● **To do**
Could you transcribe the material below exactly, without leaving out a single line?

Segment Start: Supplied data

(* Let $T$ be an $spo$-tableau and $x_1,x_2\in B_0$ with $x_1\le x_2$. Suppose that neither the insertion of $x_1$ into $T$ nor the insertion of $x_2$ into $U=T\leftarrow x_1$ causes a cancellation. Let $S_1$ be the new box of $U$ (not in the shape of $T$) and $S_2$ the new box of $U\leftarrow x_2$ (not in the shape of $U$). Then $S_2$ lies in a column strictly to the right of $S_1$ and in a row weakly above $S_1$.
   Context: Fix positive integers $m,n$. Let $B_0=\{1,\bar1,2,\bar2,\dots,m,\bar m\}$, $B_1=\{1^\circ,\dots,n^\circ\}$, $B=B_0\cup B_1$, totally ordered by $1<\bar1<2<\bar2<\cdots<m<\bar m<1^\circ<\cdots<n^\circ$. Rows are numbered from the top starting at 1, columns from the left. An $spo$-tableau of shape $\lambda$ is a filling of the Young diagram of $\lambda$ with entries of $B$ such that (i) the boxes containing entries of $B_0$ form a Young diagram $\sigma\subseteq\lambda$, and this part is weakly increasing along rows, strictly increasing down columns, and every entry in row $i$ is $\ge i$; (ii) the entries of $B_1$ (filling $\lambda/\sigma$) are strictly increasing along rows and weakly increasing down columns. $spo$-insertion: a forward jeu de taquin slide on an empty box with right neighbour $a$ and lower neighbour $b$ moves $a$ left into the empty box if $a<b$ or ($a=b\in B_1$), and moves $b$ up into the empty box if $b<a$ or ($a=b\in B_0$); if only one neighbour exists it moves in; slides are repeated until the empty box has no right or lower neighbour, and then that box is deleted. Inserting $z\in B_0$ into row $r$: if no entry of the row exceeds $z$, append $z$ in a new box at the end of the row; otherwise let $w$ be the least entry of the row with $w>z$; if $z=r$ (unbarred) and $w=\bar r$, delete $\bar r$ leaving an empty box (a cancellation); otherwise replace $w$ by $z$, displacing $w$. Inserting $z\in B_1$ into column $c$: if no entry of the column exceeds $z$, append $z$ in a new box at the bottom; otherwise replace the least entry $w>z$ of the column by $z$, displacing $w$. To insert $x\in B_0$ into $T$ (result $T\leftarrow x$) start by inserting $x$ into row 1; to insert $x\in B_1$ (result $x\rightarrow T$) start by inserting $x$ into column 1. Whenever an entry $w$ is displaced from a box in row $r$, column $c$: if $w\in B_0$ insert it into row $r+1$; if $w\in B_1$ insert it into column $c+1$. The process ends when an entry is placed in a new box, or when a cancellation occurs, in which case the empty box is moved to an outer corner by forward slides and deleted. If no cancellation occurs the result has exactly one new box. *)

theory Defs
  imports Main "HOL-Library.Product_Lexorder"
begin

text \<open>Alphabet B: Ub i is i, Br i is i-bar, Ci j is j-circle.\<close>
datatype entry = Ub nat | Br nat | Ci nat

fun rank :: "entry \<Rightarrow> nat \<times> nat" where
  "rank (Ub i) = (0, 2 * i)"
| "rank (Br i) = (0, 2 * i + 1)"
| "rank (Ci j) = (1, j)"

lemma rank_inj: "rank a = rank b \<Longrightarrow> a = b"
  by (cases a; cases b; auto; presburger)

instantiation entry :: linorder
begin
definition less_eq_entry :: "entry \<Rightarrow> entry \<Rightarrow> bool" where
  "less_eq_entry a b \<longleftrightarrow> rank a \<le> rank b"
definition less_entry :: "entry \<Rightarrow> entry \<Rightarrow> bool" where
  "less_entry a b \<longleftrightarrow> rank a < rank b"
instance
  by standard (auto simp: less_eq_entry_def less_entry_def intro: rank_inj)
end

fun isB0 :: "entry \<Rightarrow> bool" where
  "isB0 (Ci _) = False"
| "isB0 _ = True"

abbreviation isB1 :: "entry \<Rightarrow> bool" where "isB1 e \<equiv> \<not> isB0 e"

definition inB0 :: "nat \<Rightarrow> entry \<Rightarrow> bool" where
  "inB0 m e \<longleftrightarrow> (\<exists>i. 1 \<le> i \<and> i \<le> m \<and> (e = Ub i \<or> e = Br i))"

definition inB :: "nat \<Rightarrow> nat \<Rightarrow> entry \<Rightarrow> bool" where
  "inB m n e \<longleftrightarrow> inB0 m e \<or> (\<exists>j. 1 \<le> j \<and> j \<le> n \<and> e = Ci j)"

text \<open>A filling: partial map from positions (row, column), both 1-based, to entries.\<close>
type_synonym tab = "nat \<times> nat \<Rightarrow> entry option"

definition is_young :: "(nat \<times> nat) set \<Rightarrow> bool" where
  "is_young D \<longleftrightarrow> finite D \<and> (\<forall>(i,j)\<in>D. 1 \<le> i \<and> 1 \<le> j \<and>
      (\<forall>i' j'. 1 \<le> i' \<and> i' \<le> i \<and> 1 \<le> j' \<and> j' \<le> j \<longrightarrow> (i',j') \<in> D))"

definition spo_tableau :: "nat \<Rightarrow> nat \<Rightarrow> tab \<Rightarrow> bool" where
  "spo_tableau m n T \<longleftrightarrow>
     is_young (dom T) \<and>
     (\<forall>p e. T p = Some e \<longrightarrow> inB m n e) \<and>
     is_young {p. \<exists>e. T p = Some e \<and> isB0 e} \<and>
     (\<forall>i j a b. T (i,j) = Some a \<longrightarrow> T (i,j+1) = Some b \<longrightarrow> isB0 a \<longrightarrow> isB0 b \<longrightarrow> a \<le> b) \<and>
     (\<forall>i j a b. T (i,j) = Some a \<longrightarrow> T (i+1,j) = Some b \<longrightarrow> isB0 a \<longrightarrow> isB0 b \<longrightarrow> a < b) \<and>
     (\<forall>i j a. T (i,j) = Some a \<longrightarrow> isB0 a \<longrightarrow> Ub i \<le> a) \<and>
     (\<forall>i j a b. T (i,j) = Some a \<longrightarrow> T (i,j+1) = Some b \<longrightarrow> isB1 a \<longrightarrow> isB1 b \<longrightarrow> a < b) \<and>
     (\<forall>i j a b. T (i,j) = Some a \<longrightarrow> T (i+1,j) = Some b \<longrightarrow> isB1 a \<longrightarrow> isB1 b \<longrightarrow> a \<le> b)"

datatype istate =
    RowIns entry nat
  | ColIns entry nat
  | Hole "nat \<times> nat"           \<comment> \<open>empty box being slid outwards (after a cancellation)\<close>
  | NewBox "nat \<times> nat"
  | Cancelled

definition rowlen :: "tab \<Rightarrow> nat \<Rightarrow> nat" where
  "rowlen T r = card {c. T (r,c) \<noteq> None}"

definition collen :: "tab \<Rightarrow> nat \<Rightarrow> nat" where
  "collen T c = card {r. T (r,c) \<noteq> None}"

definition displace :: "entry \<Rightarrow> nat \<times> nat \<Rightarrow> istate" where
  "displace w p = (if isB0 w then RowIns w (fst p + 1) else ColIns w (snd p + 1))"

definition move_into :: "tab \<Rightarrow> nat \<times> nat \<Rightarrow> nat \<times> nat \<Rightarrow> entry \<Rightarrow> tab \<times> istate" where
  "move_into T h q a = (T(h := Some a, q := None), Hole q)"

Segment End: Supplied data

● **Solution below**
(* Let $T$ be an $spo$-tableau and $x_1,x_2\in B_0$ with $x_1\le x_2$. Suppose that neither the insertion of $x_1$ into $T$ nor the insertion of $x_2$ into $U=T\leftarrow x_1$ causes a cancellation. Let $S_1$ be the new box of $U$ (not in the shape of $T$) and $S_2$ the new box of $U\leftarrow x_2$ (not in the shape of $U$). Then $S_2$ lies in a column strictly to the right of $S_1$ and in a row weakly above $S_1$.
   Context: Fix positive integers $m,n$. Let $B_0=\{1,\bar1,2,\bar2,\dots,m,\bar m\}$, $B_1=\{1^\circ,\dots,n^\circ\}$, $B=B_0\cup B_1$, totally ordered by $1<\bar1<2<\bar2<\cdots<m<\bar m<1^\circ<\cdots<n^\circ$. Rows are numbered from the top starting at 1, columns from the left. An $spo$-tableau of shape $\lambda$ is a filling of the Young diagram of $\lambda$ with entries of $B$ such that (i) the boxes containing entries of $B_0$ form a Young diagram $\sigma\subseteq\lambda$, and this part is weakly increasing along rows, strictly increasing down columns, and every entry in row $i$ is $\ge i$; (ii) the entries of $B_1$ (filling $\lambda/\sigma$) are strictly increasing along rows and weakly increasing down columns. $spo$-insertion: a forward jeu de taquin slide on an empty box with right neighbour $a$ and lower neighbour $b$ moves $a$ left into the empty box if $a<b$ or ($a=b\in B_1$), and moves $b$ up into the empty box if $b<a$ or ($a=b\in B_0$); if only one neighbour exists it moves in; slides are repeated until the empty box has no right or lower neighbour, and then that box is deleted. Inserting $z\in B_0$ into row $r$: if no entry of the row exceeds $z$, append $z$ in a new box at the end of the row; otherwise let $w$ be the least entry of the row with $w>z$; if $z=r$ (unbarred) and $w=\bar r$, delete $\bar r$ leaving an empty box (a cancellation); otherwise replace $w$ by $z$, displacing $w$. Inserting $z\in B_1$ into column $c$: if no entry of the column exceeds $z$, append $z$ in a new box at the bottom; otherwise replace the least entry $w>z$ of the column by $z$, displacing $w$. To insert $x\in B_0$ into $T$ (result $T\leftarrow x$) start by inserting $x$ into row 1; to insert $x\in B_1$ (result $x\rightarrow T$) start by inserting $x$ into column 1. Whenever an entry $w$ is displaced from a box in row $r$, column $c$: if $w\in B_0$ insert it into row $r+1$; if $w\in B_1$ insert it into column $c+1$. The process ends when an entry is placed in a new box, or when a cancellation occurs, in which case the empty box is moved to an outer corner by forward slides and deleted. If no cancellation occurs the result has exactly one new box. *)

theory Defs
  imports Main "HOL-Library.Product_Lexorder"
begin

text \<open>Alphabet B: Ub i is i, Br i is i-bar, Ci j is j-circle.\<close>
datatype entry = Ub nat | Br nat | Ci nat

fun rank :: "entry \<Rightarrow> nat \<times> nat" where
  "rank (Ub i) = (0, 2 * i)"
| "rank (Br i) = (0, 2 * i + 1)"
| "rank (Ci j) = (1, j)"

lemma rank_inj: "rank a = rank b \<Longrightarrow> a = b"
  by (cases a; cases b; auto; presburger)

instantiation entry :: linorder
begin
definition less_eq_entry :: "entry \<Rightarrow> entry \<Rightarrow> bool" where
  "less_eq_entry a b \<longleftrightarrow> rank a \<le> rank b"
definition less_entry :: "entry \<Rightarrow> entry \<Rightarrow> bool" where
  "less_entry a b \<longleftrightarrow> rank a < rank b"
instance
  by standard (auto simp: less_eq_entry_def less_entry_def intro: rank_inj)
end

fun isB0 :: "entry \<Rightarrow> bool" where
  "isB0 (Ci _) = False"
| "isB0 _ = True"

abbreviation isB1 :: "entry \<Rightarrow> bool" where "isB1 e \<equiv> \<not> isB0 e"

definition inB0 :: "nat \<Rightarrow> entry \<Rightarrow> bool" where
  "inB0 m e \<longleftrightarrow> (\<exists>i. 1 \<le> i \<and> i \<le> m \<and> (e = Ub i \<or> e = Br i))"

definition inB :: "nat \<Rightarrow> nat \<Rightarrow> entry \<Rightarrow> bool" where
  "inB m n e \<longleftrightarrow> inB0 m e \<or> (\<exists>j. 1 \<le> j \<and> j \<le> n \<and> e = Ci j)"

text \<open>A filling: partial map from positions (row, column), both 1-based, to entries.\<close>
type_synonym tab = "nat \<times> nat \<Rightarrow> entry option"

definition is_young :: "(nat \<times> nat) set \<Rightarrow> bool" where
  "is_young D \<longleftrightarrow> finite D \<and> (\<forall>(i,j)\<in>D. 1 \<le> i \<and> 1 \<le> j \<and>
      (\<forall>i' j'. 1 \<le> i' \<and> i' \<le> i \<and> 1 \<le> j' \<and> j' \<le> j \<longrightarrow> (i',j') \<in> D))"

definition spo_tableau :: "nat \<Rightarrow> nat \<Rightarrow> tab \<Rightarrow> bool" where
  "spo_tableau m n T \<longleftrightarrow>
     is_young (dom T) \<and>
     (\<forall>p e. T p = Some e \<longrightarrow> inB m n e) \<and>
     is_young {p. \<exists>e. T p = Some e \<and> isB0 e} \<and>
     (\<forall>i j a b. T (i,j) = Some a \<longrightarrow> T (i,j+1) = Some b \<longrightarrow> isB0 a \<longrightarrow> isB0 b \<longrightarrow> a \<le> b) \<and>
     (\<forall>i j a b. T (i,j) = Some a \<longrightarrow> T (i+1,j) = Some b \<longrightarrow> isB0 a \<longrightarrow> isB0 b \<longrightarrow> a < b) \<and>
     (\<forall>i j a. T (i,j) = Some a \<longrightarrow> isB0 a \<longrightarrow> Ub i \<le> a) \<and>
     (\<forall>i j a b. T (i,j) = Some a \<longrightarrow> T (i,j+1) = Some b \<longrightarrow> isB1 a \<longrightarrow> isB1 b \<longrightarrow> a < b) \<and>
     (\<forall>i j a b. T (i,j) = Some a \<longrightarrow> T (i+1,j) = Some b \<longrightarrow> isB1 a \<longrightarrow> isB1 b \<longrightarrow> a \<le> b)"

datatype istate =
    RowIns entry nat
  | ColIns entry nat
  | Hole "nat \<times> nat"           \<comment> \<open>empty box being slid outwards (after a cancellation)\<close>
  | NewBox "nat \<times> nat"
  | Cancelled

definition rowlen :: "tab \<Rightarrow> nat \<Rightarrow> nat" where
  "rowlen T r = card {c. T (r,c) \<noteq> None}"

definition collen :: "tab \<Rightarrow> nat \<Rightarrow> nat" where
  "collen T c = card {r. T (r,c) \<noteq> None}"

definition displace :: "entry \<Rightarrow> nat \<times> nat \<Rightarrow> istate" where
  "displace w p = (if isB0 w then RowIns w (fst p + 1) else ColIns w (snd p + 1))"

definition move_into :: "tab \<Rightarrow> nat \<times> nat \<Rightarrow> nat \<times> nat \<Rightarrow> entry \<Rightarrow> tab \<times> istate" where
  "move_into T h q a = (T(h := Some a, q := None), Hole q)"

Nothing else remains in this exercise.